● **What the exercise asks**: Could you tally the lines of the entries that carry the string "ultimately"? Reply with the number and nothing more.

++++ Records supplied

lemma degree_hermite [simp]: "degree (hermite n) = n"
  and coeff_hermite_self [simp]: "coeff (hermite n) n = 1"
proof (induction n rule: hermite.induct)
  case (3 n)
  show coeff: "coeff (hermite (Suc (Suc n))) (Suc (Suc n)) = 1"
    using 3 by (simp add: hermite.simps(3) coeff_eq_0)
  have "degree (hermite (Suc (Suc n))) \<le> Suc (Suc n)"
    using 3 by (simp add: hermite.simps(3) degree_diff_le)
  moreover have "Suc (Suc n) \<le> degree (hermite (Suc (Suc n)))"
    using coeff by (intro le_degree) simp
  ultimately show "degree (hermite (Suc (Suc n))) = Suc (Suc n)"
    by simp
qed simp_all

lemma gauss_expect_mult_hermite_Suc:
  "gauss_expect (p * hermite (Suc j)) = gauss_expect (pderiv p * hermite j)"
proof (cases j)
  case 0
  then show ?thesis by (simp add: gauss_expect_pCons_0)
next
  case (Suc k)
  have "gauss_expect (p * hermite (Suc j))
      = gauss_expect (pderiv (p * hermite (Suc k))) - real (Suc k) * gauss_expect (p * hermite k)"
    by (simp add: Suc hermite.simps(3) gauss_expect_diff gauss_expect_smult gauss_expect_pCons_0
        right_diff_distrib)
  also have "pderiv (p * hermite (Suc k))
      = pderiv p * hermite (Suc k) + smult (real (Suc k)) (p * hermite k)"
    by (simp add: pderiv_mult pderiv_hermite)
  finally show ?thesis by (simp add: Suc gauss_expect_add gauss_expect_smult)
qed

lemma gauss_expect_mult_hermite: "gauss_expect (p * hermite j) = gauss_expect ((pderiv ^^ j) p)"
  by (induction j arbitrary: p)
     (simp_all add: gauss_expect_mult_hermite_Suc funpow_Suc_right del: funpow.simps)

lemma higher_pderiv_eq_0:
  fixes p :: "'a::{comm_semiring_1,semiring_no_zero_divisors,semiring_char_0} poly"
  assumes "degree p < n"
  shows "(pderiv ^^ n) p = 0"
  by (rule poly_eqI) (use assms in \<open>simp add: coeff_higher_pderiv coeff_eq_0\<close>)

lemma gauss_expect_mult_hermite_eq_0: "degree p < j \<Longrightarrow> gauss_expect (p * hermite j) = 0"
  by (simp add: gauss_expect_mult_hermite higher_pderiv_eq_0)

lemma higher_pderiv_hermite_self: "(pderiv ^^ n) (hermite n) = [:fact n:]"
proof -
  have "degree ((pderiv ^^ n) (hermite n)) = 0"
    by (simp add: degree_higher_pderiv)
  moreover have "coeff ((pderiv ^^ n) (hermite n)) 0 = fact n"
    by (simp add: coeff_higher_pderiv pochhammer_fact)
  ultimately show ?thesis
    by (metis degree_0_id)
qed

lemma gauss_expect_hermite_mult_hermite:
  "gauss_expect (hermite i * hermite j) = (if i = j then fact j else 0)"
proof (cases i j rule: linorder_cases)
  case less
  then show ?thesis by (simp add: gauss_expect_mult_hermite_eq_0)
next
  case equal
  then show ?thesis by (simp add: gauss_expect_mult_hermite higher_pderiv_hermite_self)
next
  case greater
  then show ?thesis by (simp add: mult.commute[of "hermite i"] gauss_expect_mult_hermite_eq_0)
qed

lemma hermite_expansion:
  assumes "degree p \<le> n"
  shows "p = (\<Sum>j\<le>n. smult (gauss_expect (p * hermite j) / fact j) (hermite j))"
  using assms
proof (induction n arbitrary: p)
  case 0
  then obtain a where "p = [:a:]" by (metis degree_0_id le_zero_eq)
  then show ?case by simp
next
  case (Suc n)
  define a where "a = coeff p (Suc n)"
  define r where "r = p - smult a (hermite (Suc n))"
  have "degree r \<le> Suc n"
    using Suc.prems by (simp add: r_def degree_diff_le)
  moreover have "coeff r (Suc n) = 0"
    by (simp add: r_def a_def)
  ultimately have "degree r \<le> n"
    by (metis leading_coeff_0_iff degree_0 zero_le le_Suc_eq)
  have coeff_r: "gauss_expect (r * hermite j)
      = gauss_expect (p * hermite j) - (if j = Suc n then a * fact j else 0)" for j
    by (simp add: r_def left_diff_distrib gauss_expect_diff gauss_expect_smult
        gauss_expect_hermite_mult_hermite)
  have "gauss_expect (p * hermite (Suc n)) / fact (Suc n) = a"
    using coeff_r[of "Suc n"] \<open>degree r \<le> n\<close> by (simp add: gauss_expect_mult_hermite_eq_0)
  moreover have "r = (\<Sum>j\<le>n. smult (gauss_expect (p * hermite j) / fact j) (hermite j))"
    using Suc.IH[OF \<open>degree r \<le> n\<close>] coeff_r by simp
  ultimately show ?case by (simp add: r_def)
qed

lemma hermite_coeff_duality:
  "(\<Sum>j\<le>s. gauss_expect (monom 1 s * hermite j) / fact j * coeff (hermite j) t)
     = (if s = t then 1 else 0)"
proof -
  have "monom 1 s = (\<Sum>j\<le>s. smult (gauss_expect (monom 1 s * hermite j) / fact j) (hermite j))"
    by (rule hermite_expansion) (simp add: degree_monom_eq)
  then have "coeff (monom 1 s) t
      = coeff (\<Sum>j\<le>s. smult (gauss_expect (monom 1 s * hermite j) / fact j) (hermite j)) t"
    by (rule arg_cong)
  then show ?thesis
    by (simp add: coeff_sum coeff_monom)
qed

lemma hermite_coeff_sq_le: "(coeff (hermite j) t)\<^sup>2 \<le> 2 ^ j * fact j"
proof (induction j arbitrary: t rule: hermite.induct)
  case 1
  then show ?case by (simp add: coeff_1)
next
  case 2
  then show ?case by (cases t) (auto simp: coeff_pCons split: nat.splits)
next
  case (3 n)
  define a where "a = coeff (pCons 0 (hermite (Suc n))) t"
  define b where "b = coeff (hermite n) t"
  define c :: real where "c = real (Suc n)"
  define F :: real where "F = 2 ^ n * fact n"
  have a_bound: "a\<^sup>2 \<le> 2 * c * F"
  proof (cases t)
    case (Suc t')
    have "a\<^sup>2 \<le> 2 ^ Suc n * fact (Suc n)"
      using "3.IH"(1)[of t'] by (simp add: a_def Suc)
    then show ?thesis by (simp add: c_def F_def algebra_simps)
  qed (simp add: a_def c_def F_def)
  have b_bound: "b\<^sup>2 \<le> F"
    using "3.IH"(2) by (simp add: b_def F_def)
  have "F \<ge> 0" "c \<ge> 0"
    by (simp_all add: F_def c_def)
  have "(coeff (hermite (Suc (Suc n))) t)\<^sup>2 = (a - c * b)\<^sup>2"
    by (simp add: hermite.simps(3) a_def b_def c_def)
  also have "\<dots> \<le> 2 * a\<^sup>2 + 2 * c\<^sup>2 * b\<^sup>2"
    using zero_le_power2[of "a + c * b"] by (simp add: power2_eq_square algebra_simps)
  also have "\<dots> \<le> 2 * (2 * c * F) + 2 * c\<^sup>2 * F"
    using a_bound b_bound by (intro add_mono mult_left_mono) simp_all
  also have "\<dots> \<le> 2 * c * F * (2 * (c + 1))"
    using \<open>F \<ge> 0\<close> \<open>c \<ge> 0\<close> by (simp add: power2_eq_square algebra_simps)
  also have "\<dots> = 2 ^ Suc (Suc n) * fact (Suc (Suc n))"
    by (simp add: c_def F_def algebra_simps)
  finally show ?case .
qed

section \<open>Products of independent Gaussians\<close>

lemma prob_space_std_normal: "prob_space std_normal"
  using prob_space_normal_density[of 1 0] by simp

lemma
  shows integrable_gauss_prod_poly: "integrable (gauss l) (\<lambda>x. \<Prod>i<l. poly (P i) (x i))"
    and integral_gauss_prod_poly:
      "(\<integral>x. (\<Prod>i<l. poly (P i) (x i)) \<partial>gauss l) = (\<Prod>i<l. gauss_expect (P i))"
proof -
  interpret product_sigma_finite "\<lambda>_::nat. std_normal"
    unfolding product_sigma_finite_def
    using prob_space_std_normal prob_space_imp_sigma_finite by blast
  show "integrable (gauss l) (\<lambda>x. \<Prod>i<l. poly (P i) (x i))"
    unfolding gauss_def
    by (rule product_integrable_prod) (auto simp: integrable_std_normal_poly)
  show "(\<integral>x. (\<Prod>i<l. poly (P i) (x i)) \<partial>gauss l) = (\<Prod>i<l. gauss_expect (P i))"
    unfolding gauss_def
    by (subst product_integral_prod) (auto simp: integrable_std_normal_poly gauss_expect_def)
qed

definition tensor_poly ::
    "nat \<Rightarrow> 'a set \<Rightarrow> ('a \<Rightarrow> real) \<Rightarrow> ('a \<Rightarrow> nat \<Rightarrow> real poly) \<Rightarrow> (nat \<Rightarrow> real) \<Rightarrow> real" where
  "tensor_poly l A a P x = (\<Sum>\<alpha>\<in>A. a \<alpha> * (\<Prod>i<l. poly (P \<alpha> i) (x i)))"

lemma tensor_poly_mult:
  "tensor_poly l A a P x * tensor_poly l B b Q x
     = (\<Sum>\<alpha>\<in>A. \<Sum>\<beta>\<in>B. a \<alpha> * b \<beta> * (\<Prod>i<l. poly (P \<alpha> i * Q \<beta> i) (x i)))"
  by (simp add: tensor_poly_def sum_product prod.distrib mult_ac)

lemma integrable_gauss_tensor_poly_mult:
  "integrable (gauss l) (\<lambda>x. tensor_poly l A a P x * tensor_poly l B b Q x)"
  unfolding tensor_poly_mult
  by (simp add: integrable_gauss_prod_poly del: poly_mult)

lemma integral_gauss_tensor_poly_mult:
  "(\<integral>x. tensor_poly l A a P x * tensor_poly l B b Q x \<partial>gauss l)
     = (\<Sum>\<alpha>\<in>A. \<Sum>\<beta>\<in>B. a \<alpha> * b \<beta> * (\<Prod>i<l. gauss_expect (P \<alpha> i * Q \<beta> i)))"
  unfolding tensor_poly_mult
  by (simp add: integrable_gauss_prod_poly integral_gauss_prod_poly del: poly_mult)

lemma quadratic_nonneg_imp_discriminant_le:
  fixes a b c :: real
  assumes "c \<ge> 0" and nonneg: "\<And>t. 0 \<le> a - 2 * t * b + t\<^sup>2 * c"
  shows "b\<^sup>2 \<le> a * c"
proof (cases "c = 0")
  case True
  have "b = 0"
  proof (rule ccontr)
    assume "b \<noteq> 0"
    then show False
      using nonneg[of "(a + 1) / (2 * b)"] True by (simp add: field_simps)
  qed
  then show ?thesis using True by simp
next
  case False
  then show ?thesis
    using nonneg[of "b / c"] \<open>c \<ge> 0\<close> by (simp add: field_simps power2_eq_square)
qed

++++++++

● **Answer to the exercise**: 4